Error analysis / debugging / performance analysis tools
-
Hey everyone, hopefully especially the devs who do this much more often.
I am trying to get to the bottom of a strange issue we keep having. On our NodeBB instance, we have a regular (once a month) events, where the highest number of users (~40-80, so not very many) are concurrently online.
With such low numbers, I figure NodeBB would not have any problems ever. Sadly we are experiencing extremely high response times (< 1 minute and eventual 503s being thrown) almost every time in the last 3 times we had the event.
The problem is not accompanied by unusual resource usage (CPU < 10%, RAM at 12/16 GB, Swap 660 MB/1GB). While redis is saving to disk we have 1 of 6 availables vCores at 100% usage, but the others are basically idle. Also, the slow response time and timeouts do not necessarily occur while redis is saving to disk. They appear much more often than redis writes its dump.

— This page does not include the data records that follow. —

lemma e_proj_eq_char_vec:
  assumes "prime p" "is_character p \<psi>"
  shows "e_proj p \<psi> f = char_vec p \<psi> (inv_pm1 p * char_coeff p \<psi> f)"
proof
  fix w :: "unit \<times> nat"
  obtain t where w: "w = ((), t)"
    by (cases w) simp
  show "e_proj p \<psi> f w = char_vec p \<psi> (inv_pm1 p * char_coeff p \<psi> f) w"
  proof (cases "t \<in> Delta p")
    case True
    have "(\<Sum>\<sigma>\<in>Delta p. \<psi> \<sigma> * grp_act p (dinv p \<sigma>) f w) = (\<Sum>\<sigma>\<in>Delta p. \<psi> \<sigma> * f ((), dmult p \<sigma> t))"
      using True by (intro sum.cong) (simp_all add: w grp_act_def dinv_dinv[OF assms(1)])
    also have "\<dots> = \<psi> (dinv p t) * char_coeff p \<psi> f"
      unfolding char_coeff_def by (rule sum_character_shift[OF assms True])
    finally show ?thesis
      by (simp add: e_proj_def w char_vec_apply True mult_ac)
  qed (simp add: w e_proj_def grp_act_def char_vec_apply)
qed

lemma ebf_carrier_eq_range_char_vec:
  fixes \<psi> :: "nat \<Rightarrow> 'o::idom"
  assumes "prime p" "is_character p \<psi>" "inv_pm1 p * of_nat (p - 1) = (1 :: 'o)"
  shows "ebf_carrier p \<psi> = range (char_vec p \<psi>)"
proof
  show "ebf_carrier p \<psi> \<subseteq> range (char_vec p \<psi>)"
    unfolding ebf_carrier_def by (auto simp: e_proj_eq_char_vec[OF assms(1,2)])
  have "e_proj p \<psi> (char_vec p \<psi> c) = char_vec p \<psi> c" for c
    using assms(3)
    by (simp add: e_proj_eq_char_vec[OF assms(1,2)] char_coeff_char_vec[OF assms(1,2)]
        mult.assoc[symmetric])
  then show "range (char_vec p \<psi>) \<subseteq> ebf_carrier p \<psi>"
    unfolding ebf_carrier_def using char_vec_in_free_mod by (metis image_eqI image_subsetI)
qed

lemma char_vec_in_range_id_minus_adj_Y_iff:
  fixes \<psi> :: "nat \<Rightarrow> 'o::idom"
  assumes "prime p" "is_character p \<psi>" "inv_pm1 p * of_nat (p - 1) = (1 :: 'o)"
  shows "(\<exists>h\<in>free_mod (VY p). char_vec p \<psi> d = id_minus_adj_Y p h) \<longleftrightarrow> ptheta_val p \<psi> dvd d"
proof
  assume "\<exists>h\<in>free_mod (VY p). char_vec p \<psi> d = id_minus_adj_Y p h"
  then obtain h where "char_vec p \<psi> d = id_minus_adj_Y p h"
    by blast
  then have "char_coeff p \<psi> (char_vec p \<psi> d) = char_coeff p \<psi> (id_minus_adj_Y p h)"
    by simp
  then have coeff: "of_nat (p - 1) * d = ptheta_val p \<psi> * char_coeff p \<psi> h"
    by (simp only: char_coeff_char_vec[OF assms(1,2)] char_coeff_id_minus_adj_Y[OF assms(1,2)])
  have "d = inv_pm1 p * (of_nat (p - 1) * d)"
    by (simp only: mult.assoc[symmetric] assms(3) mult_1_left)
  also have "\<dots> = ptheta_val p \<psi> * (inv_pm1 p * char_coeff p \<psi> h)"
    by (simp only: coeff mult.left_commute)
  finally show "ptheta_val p \<psi> dvd d"
    by (rule dvdI)
next
  assume "ptheta_val p \<psi> dvd d"
  then obtain k where "d = ptheta_val p \<psi> * k"
    by blast
  then show "\<exists>h\<in>free_mod (VY p). char_vec p \<psi> d = id_minus_adj_Y p h"
    using id_minus_adj_Y_char_vec[OF assms(1,2)] char_vec_in_free_mod by metis
qed

lemma ebf_rel_char_vec_iff:
  fixes \<psi> :: "nat \<Rightarrow> 'o::idom"
  assumes "prime p" "is_character p \<psi>" "inv_pm1 p * of_nat (p - 1) = (1 :: 'o)"
  shows "(char_vec p \<psi> a, char_vec p \<psi> b) \<in> ebf_rel p \<psi> \<longleftrightarrow> ptheta_val p \<psi> dvd a - b"
  unfolding ebf_rel_def bf_rel_def ebf_carrier_eq_range_char_vec[OF assms]
  using char_vec_in_range_id_minus_adj_Y_iff[OF assms]
  by (simp add: char_vec_diff id_minus_adj_Y_def char_vec_in_free_mod)

theorem theorem5p11:
  fixes p l :: nat and \<psi> :: "nat \<Rightarrow> 'o::idom"
  assumes "prime p" and "odd p" and "prime l" and "\<not> l dvd (p - 1)"
    and "O_ring l p TYPE('o)"
    and "is_character p \<psi>"
  shows "quot_iso (ebf_carrier p \<psi>) (ebf_rel p \<psi>) fadd fsmul
                  (UNIV :: 'o set) (ideal_rel (ptheta_val p \<psi>)) (+) (*)
       \<and> ((\<psi> (p - 1) = 1 \<and> (\<exists>\<sigma>\<in>Delta p. \<psi> \<sigma> \<noteq> 1)) \<longrightarrow>
          quot_iso (ebf_carrier p \<psi>) (ebf_rel p \<psi>) fadd fsmul
                   (UNIV :: 'o set) Id (+) (*))"
proof -
  have unit: "(of_nat (p - 1) :: 'o) dvd 1"
    using assms(3-5) by (rule O_ring_of_nat_dvd_one)
  have inv: "inv_pm1 p * of_nat (p - 1) = (1 :: 'o)"
    by (rule inv_pm1_mult[OF unit])
  have iso: "quot_iso (ebf_carrier p \<psi>) (ebf_rel p \<psi>) fadd fsmul
      (UNIV :: 'o set) (ideal_rel (ptheta_val p \<psi>)) (+) (*)"
    by (rule quot_iso_ideal_relI[OF ebf_carrier_eq_range_char_vec[OF assms(1,6) inv] _
          ebf_rel_char_vec_iff[OF assms(1,6) inv] fadd_char_vec fsmul_char_vec])
      (simp add: ebf_rel_def)
  have "(2 :: 'o) \<noteq> 0"
    using two_dvd_one_if_even_unit[OF _ unit] assms(2) by auto
  then have "ptheta_val p \<psi> = 0" if "\<psi> (p - 1) = 1" "\<sigma> \<in> Delta p" "\<psi> \<sigma> \<noteq> 1" for \<sigma>
    by (rule ptheta_val_eq_0[OF assms(1,6) that])
  with iso show ?thesis
    by auto
qed

end
(* Let $G$ be a finite group such that every column sum of its character table, $\Gamma_C(G)=\sum_{\chi\in\mathrm{Irr}(G)}\chi(C)$ for $C\in\mathrm{Conj}(G)$, is a nonnegative integer. Then (1) $s(G)\geq \Gamma_e(G)$; and (2) if in addition $G$ is totally orthogonal, then $s(G)\ge\Gamma_e(G)$, with $s(G)=\Gamma_e(G)$ if and only if $G$ is abelian.
   Context: For a finite group $G$, $\mathrm{Irr}(G)$ denotes the set of irreducible complex characters and $\mathrm{Conj}(G)$ the set of conjugacy classes; $s(G)$ is the sum of all entries of the character table, and $\Gamma_e(G)=\sum_{\chi\in\mathrm{Irr}(G)}\chi(e)$ is the sum of the irreducible character degrees. A finite group is totally orthogonal if every irreducible complex representation of it is realizable over $\mathbb{R}$. *)

theory Defs
  imports "HOL-Algebra.Group" "Jordan_Normal_Form.Matrix" "HOL-Library.Complex_Order"
begin

definition conj_class :: "('g, 'b) monoid_scheme \<Rightarrow> 'g \<Rightarrow> 'g set" where
  "conj_class G x = {g \<otimes>\<^bsub>G\<^esub> x \<otimes>\<^bsub>G\<^esub> inv\<^bsub>G\<^esub> g | g. g \<in> carrier G}"

definition Conj :: "('g, 'b) monoid_scheme \<Rightarrow> 'g set set" where
  "Conj G = conj_class G ` carrier G"

definition mtrace :: "'a::comm_ring_1 mat \<Rightarrow> 'a" where
  "mtrace A = (\<Sum>i<dim_row A. A $$ (i, i))"

definition is_rep :: "('g, 'b) monoid_scheme \<Rightarrow> nat \<Rightarrow> ('g \<Rightarrow> complex mat) \<Rightarrow> bool" where
  "is_rep G n \<rho> \<longleftrightarrow>
     (\<forall>x\<in>carrier G. \<rho> x \<in> carrier_mat n n) \<and>
     \<rho> \<one>\<^bsub>G\<^esub> = 1\<^sub>m n \<and>
     (\<forall>x\<in>carrier G. \<forall>y\<in>carrier G. \<rho> (x \<otimes>\<^bsub>G\<^esub> y) = \<rho> x * \<rho> y)"

definition is_subspace :: "nat \<Rightarrow> complex vec set \<Rightarrow> bool" where
  "is_subspace n W \<longleftrightarrow> W \<subseteq> carrier_vec n \<and> 0\<^sub>v n \<in> W \<and>
     (\<forall>v\<in>W. \<forall>w\<in>W. v + w \<in> W) \<and> (\<forall>c. \<forall>v\<in>W. c \<cdot>\<^sub>v v \<in> W)"

definition irreducible_rep :: "('g, 'b) monoid_scheme \<Rightarrow> nat \<Rightarrow> ('g \<Rightarrow> complex mat) \<Rightarrow> bool" where
  "irreducible_rep G n \<rho> \<longleftrightarrow> is_rep G n \<rho> \<and> n > 0 \<and>
     (\<forall>W. is_subspace n W \<and> (\<forall>x\<in>carrier G. \<forall>w\<in>W. \<rho> x *\<^sub>v w \<in> W)
          \<longrightarrow> W = {0\<^sub>v n} \<or> W = carrier_vec n)"

definition character :: "('g, 'b) monoid_scheme \<Rightarrow> ('g \<Rightarrow> complex mat) \<Rightarrow> 'g \<Rightarrow> complex" where
  "character G \<rho> = (\<lambda>x\<in>carrier G. mtrace (\<rho> x))"

definition Irr :: "('g, 'b) monoid_scheme \<Rightarrow> ('g \<Rightarrow> complex) set" where
  "Irr G = {character G \<rho> | n \<rho>. irreducible_rep G n \<rho>}"

definition class_val :: "('g \<Rightarrow> complex) \<Rightarrow> 'g set \<Rightarrow> complex" where
  "class_val \<chi> C = \<chi> (SOME g. g \<in> C)"

definition Gamma :: "('g, 'b) monoid_scheme \<Rightarrow> 'g set \<Rightarrow> complex" where
  "Gamma G C = (\<Sum>\<chi>\<in>Irr G. class_val \<chi> C)"

definition Gamma_e :: "('g, 'b) monoid_scheme \<Rightarrow> complex" where
  "Gamma_e G = (\<Sum>\<chi>\<in>Irr G. \<chi> \<one>\<^bsub>G\<^esub>)"

definition s_table :: "('g, 'b) monoid_scheme \<Rightarrow> complex" where
  "s_table G = (\<Sum>\<chi>\<in>Irr G. \<Sum>C\<in>Conj G. class_val \<chi> C)"

definition realizable_over_R :: "('g, 'b) monoid_scheme \<Rightarrow> nat \<Rightarrow> ('g \<Rightarrow> complex mat) \<Rightarrow> bool" where
  "realizable_over_R G n \<rho> \<longleftrightarrow>
     (\<exists>P Q. P \<in> carrier_mat n n \<and> Q \<in> carrier_mat n n \<and> P * Q = 1\<^sub>m n \<and> Q * P = 1\<^sub>m n \<and>
        (\<forall>x\<in>carrier G. \<forall>i<n. \<forall>j<n. (P * \<rho> x * Q) $$ (i, j) \<in> \<real>))"

definition totally_orthogonal :: "('g, 'b) monoid_scheme \<Rightarrow> bool" where
  "totally_orthogonal G \<longleftrightarrow> (\<forall>n \<rho>. irreducible_rep G n \<rho> \<longrightarrow> realizable_over_R G n \<rho>)"

end

(*
  Splitting off the column of the identity, s(G) = Gamma_e(G) + (sum of Gamma_C(G) over C \<noteq> {1}),
  and by hypothesis every remaining summand is a natural number.  Hence s(G) \<ge> Gamma_e(G), with
  equality iff Gamma_C(G) = 0 for every nontrivial class C.

  If these column sums vanish, pairing the column-sum function with an irreducible character psi
  and using Schur's orthogonality relations gives Gamma_e(G) * psi(1) = |G|.  For the trivial
  character this says Gamma_e(G) = |G|, so every irreducible character is linear; they all take
  the value 1 on a commutator, whose column sum is then |Irr(G)| \<noteq> 0, so the commutator is
  trivial and G is abelian.  Conversely, for G abelian the irreducible characters are exactly the
  linear characters, these separate the points of G (a linear character of a subgroup H extends
  to H<y> by sending y to a root of the appropriate order), and multiplying by a linear character
  psi with psi(g) \<noteq> 1 permutes Irr(G), which forces the column sum at g to vanish.
*)

theory Submission
  imports Defs "Jordan_Normal_Form.Spectral_Radius" "Jordan_Normal_Form.Matrix_Kernel"
    "HOL-Algebra.Multiplicative_Group"
begin

section \<open>Matrices\<close>

lemma mult_mat_vec_unit_vec:
  assumes A: "A \<in> carrier_mat m n" and i: "i < m" and j: "j < n"
  shows "(A *\<^sub>v unit_vec n j) $ i = (A $$ (i, j) :: 'a :: comm_ring_1)"
proof -
  have "(A *\<^sub>v unit_vec n j) $ i = (\<Sum>k\<in>{0..<n}. A $$ (i, k) * (if k = j then 1 else 0))"
    using A i j by (simp add: scalar_prod_def)
  also have "\<dots> = A $$ (i, j)" using j by (simp add: if_distrib cong: if_cong)
  finally show ?thesis .
qed

lemma eq_mat_by_mult_vec:
  assumes A: "A \<in> carrier_mat m n" and B: "B \<in> carrier_mat m n"
    and eq: "\<And>v. v \<in> carrier_vec n \<Longrightarrow> A *\<^sub>v v = B *\<^sub>v v"
  shows "A = (B :: 'a :: comm_ring_1 mat)"
proof (rule eq_matI)
  fix i j assume "i < dim_row B" and "j < dim_col B"
  then have i: "i < m" and j: "j < n" using B by auto
  show "A $$ (i, j) = B $$ (i, j)"
    using mult_mat_vec_unit_vec[OF A i j] mult_mat_vec_unit_vec[OF B i j] eq[of "unit_vec n j"]
    by simp
qed (use A B in auto)

lemma eq_vec_of_minus_eq_zero:
  assumes v: "v \<in> carrier_vec n" and w: "w \<in> carrier_vec n" and vw: "v - w = 0\<^sub>v n"
  shows "v = (w :: 'a :: ab_group_add vec)"
proof (rule eq_vecI)
  fix i assume "i < dim_vec w"
  then have i: "i < n" using w by simp
  have "v $ i - w $ i = (v - w) $ i" using i v w by simp
  also have "\<dots> = 0" using i vw by simp
  finally show "v $ i = w $ i" by simp
qed (use v w in simp)

lemma mtrace_mult_comm:
  assumes A: "A \<in> carrier_mat n m" and B: "B \<in> carrier_mat m n"
  shows "mtrace (A * B) = mtrace (B * (A :: 'a :: comm_ring_1 mat))"
proof -
  have "mtrace (A * B) = (\<Sum>i<n. \<Sum>k<m. A $$ (i, k) * B $$ (k, i))"
    using A B by (simp add: mtrace_def scalar_prod_def atLeast0LessThan)
  also have "\<dots> = (\<Sum>k<m. \<Sum>i<n. B $$ (k, i) * A $$ (i, k))"
    by (subst sum.swap) (simp add: mult.commute)
  also have "\<dots> = mtrace (B * A)"
    using A B by (simp add: mtrace_def scalar_prod_def atLeast0LessThan)
  finally show ?thesis .
qed

lemma mtrace_smult_one_mat: "mtrace (c \<cdot>\<^sub>m 1\<^sub>m n) = c * of_nat n"
  by (simp add: mtrace_def)

lemma mtrace_similar:
  assumes A: "A \<in> carrier_mat m m" and B: "B \<in> carrier_mat n n"
    and T: "T \<in> carrier_mat m n" and S: "S \<in> carrier_mat n m"
    and TS: "T * S = 1\<^sub>m m" and ST: "S * T = 1\<^sub>m n" and AT: "A * T = T * B"
  shows "mtrace A = mtrace (B :: 'a :: comm_ring_1 mat)"
proof -
  have "mtrace A = mtrace (A * (T * S))" using TS A by simp
  also have "\<dots> = mtrace ((A * T) * S)" using A T S by (simp add: assoc_mult_mat)
  also have "\<dots> = mtrace (T * (B * S))" using B T S AT by (simp add: assoc_mult_mat)
  also have "\<dots> = mtrace ((B * S) * T)" using B T S by (intro mtrace_mult_comm) auto
  also have "\<dots> = mtrace B" using ST B S T by simp
  finally show ?thesis .
qed

lemma is_subspace_mat_kernel:
  assumes "T \<in> carrier_mat m n"
  shows "is_subspace n (mat_kernel T)"
  using assms unfolding is_subspace_def mat_kernel_def
  by (auto simp: mult_add_distrib_mat_vec mult_mat_vec)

It is usually a fairly short period of time that we experience this problem (10-30 minutes). Then the forum goes back to normal speed.
One of the most curious findings: Stopping nodebb, restarting redis, waiting for it to load the dump and then starting nodebb again does NOT resolve the problem. Not even for a short time. As soon as the forum is reachable again, we are back to high response times and 503s. Then, eventually, without something observable changing, the forum goes back to normal.
The logs of NodeBB and redis do not seem to spill out anything of note. (redis just reports when it's dumping to DB (every 5 minutes as configured) and the success of the operation, NodeBB reports that it was started).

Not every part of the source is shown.